### Your task
In the data below, find the line containing "theory Defs", then set down that line and every later line up to and including the line containing "N \<subseteq> C \<and>", exactly.

### Given records
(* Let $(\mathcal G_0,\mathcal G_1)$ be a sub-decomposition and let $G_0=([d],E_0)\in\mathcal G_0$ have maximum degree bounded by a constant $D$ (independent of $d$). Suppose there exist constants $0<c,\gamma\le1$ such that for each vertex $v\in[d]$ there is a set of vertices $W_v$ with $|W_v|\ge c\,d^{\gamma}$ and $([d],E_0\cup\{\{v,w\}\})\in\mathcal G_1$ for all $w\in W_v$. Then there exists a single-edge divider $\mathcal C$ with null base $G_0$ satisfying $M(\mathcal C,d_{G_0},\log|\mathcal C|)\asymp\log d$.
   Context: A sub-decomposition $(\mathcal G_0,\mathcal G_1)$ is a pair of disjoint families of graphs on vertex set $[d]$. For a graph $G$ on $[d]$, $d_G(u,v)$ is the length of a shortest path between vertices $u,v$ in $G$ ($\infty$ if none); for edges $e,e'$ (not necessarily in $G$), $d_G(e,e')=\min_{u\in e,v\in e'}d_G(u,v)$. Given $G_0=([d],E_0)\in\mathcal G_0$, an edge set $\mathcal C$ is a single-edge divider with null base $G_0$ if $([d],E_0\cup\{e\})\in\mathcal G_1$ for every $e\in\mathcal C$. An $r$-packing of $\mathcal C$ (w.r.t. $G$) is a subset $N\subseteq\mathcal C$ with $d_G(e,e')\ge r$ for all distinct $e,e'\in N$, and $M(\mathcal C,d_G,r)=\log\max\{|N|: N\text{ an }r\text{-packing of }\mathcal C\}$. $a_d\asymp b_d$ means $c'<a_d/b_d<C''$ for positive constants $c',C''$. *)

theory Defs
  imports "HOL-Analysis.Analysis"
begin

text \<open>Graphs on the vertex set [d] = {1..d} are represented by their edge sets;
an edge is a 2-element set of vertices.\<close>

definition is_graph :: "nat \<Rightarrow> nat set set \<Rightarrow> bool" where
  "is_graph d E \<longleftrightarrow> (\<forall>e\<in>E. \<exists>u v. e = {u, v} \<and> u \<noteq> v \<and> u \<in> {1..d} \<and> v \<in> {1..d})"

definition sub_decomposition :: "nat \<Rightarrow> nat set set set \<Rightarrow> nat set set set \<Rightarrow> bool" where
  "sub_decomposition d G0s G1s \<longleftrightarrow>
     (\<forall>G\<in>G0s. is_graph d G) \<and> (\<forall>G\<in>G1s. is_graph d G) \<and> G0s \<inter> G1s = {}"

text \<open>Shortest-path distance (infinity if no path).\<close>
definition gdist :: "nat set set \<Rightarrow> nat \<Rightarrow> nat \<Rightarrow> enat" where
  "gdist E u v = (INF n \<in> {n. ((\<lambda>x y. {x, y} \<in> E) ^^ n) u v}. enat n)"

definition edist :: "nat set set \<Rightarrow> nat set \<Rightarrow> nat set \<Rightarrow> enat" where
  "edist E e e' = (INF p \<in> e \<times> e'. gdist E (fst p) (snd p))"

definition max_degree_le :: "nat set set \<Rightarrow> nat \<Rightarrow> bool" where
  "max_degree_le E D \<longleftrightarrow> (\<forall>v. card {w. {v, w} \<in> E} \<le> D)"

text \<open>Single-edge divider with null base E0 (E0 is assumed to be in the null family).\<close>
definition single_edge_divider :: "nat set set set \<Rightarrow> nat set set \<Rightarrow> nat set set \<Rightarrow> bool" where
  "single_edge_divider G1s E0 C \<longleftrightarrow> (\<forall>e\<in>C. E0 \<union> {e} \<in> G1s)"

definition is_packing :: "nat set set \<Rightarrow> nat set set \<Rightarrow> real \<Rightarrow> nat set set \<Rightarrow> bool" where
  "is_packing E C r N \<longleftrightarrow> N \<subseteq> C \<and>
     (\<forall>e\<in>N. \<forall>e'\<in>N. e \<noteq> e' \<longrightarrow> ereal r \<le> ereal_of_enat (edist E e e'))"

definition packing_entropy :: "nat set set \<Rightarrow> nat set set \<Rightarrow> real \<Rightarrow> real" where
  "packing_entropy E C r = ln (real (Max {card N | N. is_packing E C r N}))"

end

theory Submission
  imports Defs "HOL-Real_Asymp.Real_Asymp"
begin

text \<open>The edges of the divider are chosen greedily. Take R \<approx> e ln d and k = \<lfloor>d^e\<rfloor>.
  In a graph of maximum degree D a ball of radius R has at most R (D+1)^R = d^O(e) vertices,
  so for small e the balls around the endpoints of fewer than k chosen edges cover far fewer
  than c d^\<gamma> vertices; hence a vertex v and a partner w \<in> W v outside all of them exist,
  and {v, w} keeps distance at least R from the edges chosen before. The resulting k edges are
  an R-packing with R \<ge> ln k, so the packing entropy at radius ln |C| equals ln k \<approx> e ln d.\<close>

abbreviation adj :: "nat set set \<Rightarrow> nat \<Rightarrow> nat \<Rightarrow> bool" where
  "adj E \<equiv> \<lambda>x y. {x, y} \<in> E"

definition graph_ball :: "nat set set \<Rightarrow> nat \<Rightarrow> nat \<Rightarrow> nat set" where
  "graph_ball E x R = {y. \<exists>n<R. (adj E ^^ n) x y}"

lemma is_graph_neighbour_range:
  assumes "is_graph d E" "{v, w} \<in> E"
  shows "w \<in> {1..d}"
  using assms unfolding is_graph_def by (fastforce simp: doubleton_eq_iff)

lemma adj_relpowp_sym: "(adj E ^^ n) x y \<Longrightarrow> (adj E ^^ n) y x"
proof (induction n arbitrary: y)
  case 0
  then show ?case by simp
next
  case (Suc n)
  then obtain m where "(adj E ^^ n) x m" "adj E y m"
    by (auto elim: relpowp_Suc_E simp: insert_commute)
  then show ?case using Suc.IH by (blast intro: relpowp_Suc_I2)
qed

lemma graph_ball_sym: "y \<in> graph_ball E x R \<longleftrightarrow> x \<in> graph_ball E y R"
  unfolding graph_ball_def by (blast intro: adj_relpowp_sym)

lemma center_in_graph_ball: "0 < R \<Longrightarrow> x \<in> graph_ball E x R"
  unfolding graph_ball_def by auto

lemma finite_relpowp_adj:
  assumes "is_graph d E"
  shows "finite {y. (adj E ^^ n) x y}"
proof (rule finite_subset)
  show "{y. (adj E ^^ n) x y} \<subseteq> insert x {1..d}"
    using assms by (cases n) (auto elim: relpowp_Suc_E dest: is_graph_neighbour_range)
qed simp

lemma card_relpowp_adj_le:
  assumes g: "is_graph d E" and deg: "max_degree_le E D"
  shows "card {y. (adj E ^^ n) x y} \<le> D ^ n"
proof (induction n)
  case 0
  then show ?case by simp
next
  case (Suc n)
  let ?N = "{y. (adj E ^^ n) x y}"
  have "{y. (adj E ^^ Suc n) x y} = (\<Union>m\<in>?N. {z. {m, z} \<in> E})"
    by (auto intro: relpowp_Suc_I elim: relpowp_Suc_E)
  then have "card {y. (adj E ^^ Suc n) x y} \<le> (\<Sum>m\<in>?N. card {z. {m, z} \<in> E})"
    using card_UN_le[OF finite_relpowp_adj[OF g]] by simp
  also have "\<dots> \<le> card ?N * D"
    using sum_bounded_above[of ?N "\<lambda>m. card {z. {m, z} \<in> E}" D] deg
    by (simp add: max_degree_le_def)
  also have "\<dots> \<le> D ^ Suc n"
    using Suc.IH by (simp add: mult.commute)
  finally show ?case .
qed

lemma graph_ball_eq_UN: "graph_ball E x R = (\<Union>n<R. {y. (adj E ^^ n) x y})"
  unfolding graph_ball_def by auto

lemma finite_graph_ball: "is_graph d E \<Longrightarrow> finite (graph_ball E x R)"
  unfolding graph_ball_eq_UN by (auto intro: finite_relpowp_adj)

...

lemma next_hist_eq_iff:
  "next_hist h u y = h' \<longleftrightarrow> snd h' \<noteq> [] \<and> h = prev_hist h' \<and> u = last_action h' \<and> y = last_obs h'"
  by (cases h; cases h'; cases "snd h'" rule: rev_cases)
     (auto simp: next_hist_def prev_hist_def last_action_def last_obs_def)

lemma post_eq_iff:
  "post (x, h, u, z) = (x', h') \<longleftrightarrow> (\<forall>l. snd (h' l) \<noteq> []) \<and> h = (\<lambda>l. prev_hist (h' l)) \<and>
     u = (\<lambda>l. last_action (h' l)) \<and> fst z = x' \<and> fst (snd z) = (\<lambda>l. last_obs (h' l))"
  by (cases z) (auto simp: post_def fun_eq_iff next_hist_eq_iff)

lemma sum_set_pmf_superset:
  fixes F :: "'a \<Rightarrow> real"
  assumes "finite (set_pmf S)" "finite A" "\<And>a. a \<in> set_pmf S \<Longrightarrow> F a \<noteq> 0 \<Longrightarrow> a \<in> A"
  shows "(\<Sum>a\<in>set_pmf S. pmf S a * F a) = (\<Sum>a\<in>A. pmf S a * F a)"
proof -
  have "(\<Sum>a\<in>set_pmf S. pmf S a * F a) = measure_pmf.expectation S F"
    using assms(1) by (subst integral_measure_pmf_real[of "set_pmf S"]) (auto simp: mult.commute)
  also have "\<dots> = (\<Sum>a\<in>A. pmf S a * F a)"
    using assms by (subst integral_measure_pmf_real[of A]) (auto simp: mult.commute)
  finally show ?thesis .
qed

### Response to this task
theory Defs
  imports "HOL-Analysis.Analysis"
begin

text \<open>Graphs on the vertex set [d] = {1..d} are represented by their edge sets;
an edge is a 2-element set of vertices.\<close>

definition is_graph :: "nat \<Rightarrow> nat set set \<Rightarrow> bool" where
  "is_graph d E \<longleftrightarrow> (\<forall>e\<in>E. \<exists>u v. e = {u, v} \<and> u \<noteq> v \<and> u \<in> {1..d} \<and> v \<in> {1..d})"

definition sub_decomposition :: "nat \<Rightarrow> nat set set set \<Rightarrow> nat set set set \<Rightarrow> bool" where
  "sub_decomposition d G0s G1s \<longleftrightarrow>
     (\<forall>G\<in>G0s. is_graph d G) \<and> (\<forall>G\<in>G1s. is_graph d G) \<and> G0s \<inter> G1s = {}"

text \<open>Shortest-path distance (infinity if no path).\<close>
definition gdist :: "nat set set \<Rightarrow> nat \<Rightarrow> nat \<Rightarrow> enat" where
  "gdist E u v = (INF n \<in> {n. ((\<lambda>x y. {x, y} \<in> E) ^^ n) u v}. enat n)"

definition edist :: "nat set set \<Rightarrow> nat set \<Rightarrow> nat set \<Rightarrow> enat" where
  "edist E e e' = (INF p \<in> e \<times> e'. gdist E (fst p) (snd p))"

definition max_degree_le :: "nat set set \<Rightarrow> nat \<Rightarrow> bool" where
  "max_degree_le E D \<longleftrightarrow> (\<forall>v. card {w. {v, w} \<in> E} \<le> D)"

text \<open>Single-edge divider with null base E0 (E0 is assumed to be in the null family).\<close>
definition single_edge_divider :: "nat set set set \<Rightarrow> nat set set \<Rightarrow> nat set set \<Rightarrow> bool" where
  "single_edge_divider G1s E0 C \<longleftrightarrow> (\<forall>e\<in>C. E0 \<union> {e} \<in> G1s)"

definition is_packing :: "nat set set \<Rightarrow> nat set set \<Rightarrow> real \<Rightarrow> nat set set \<Rightarrow> bool" where
  "is_packing E C r N \<longleftrightarrow> N \<subseteq> C \<and>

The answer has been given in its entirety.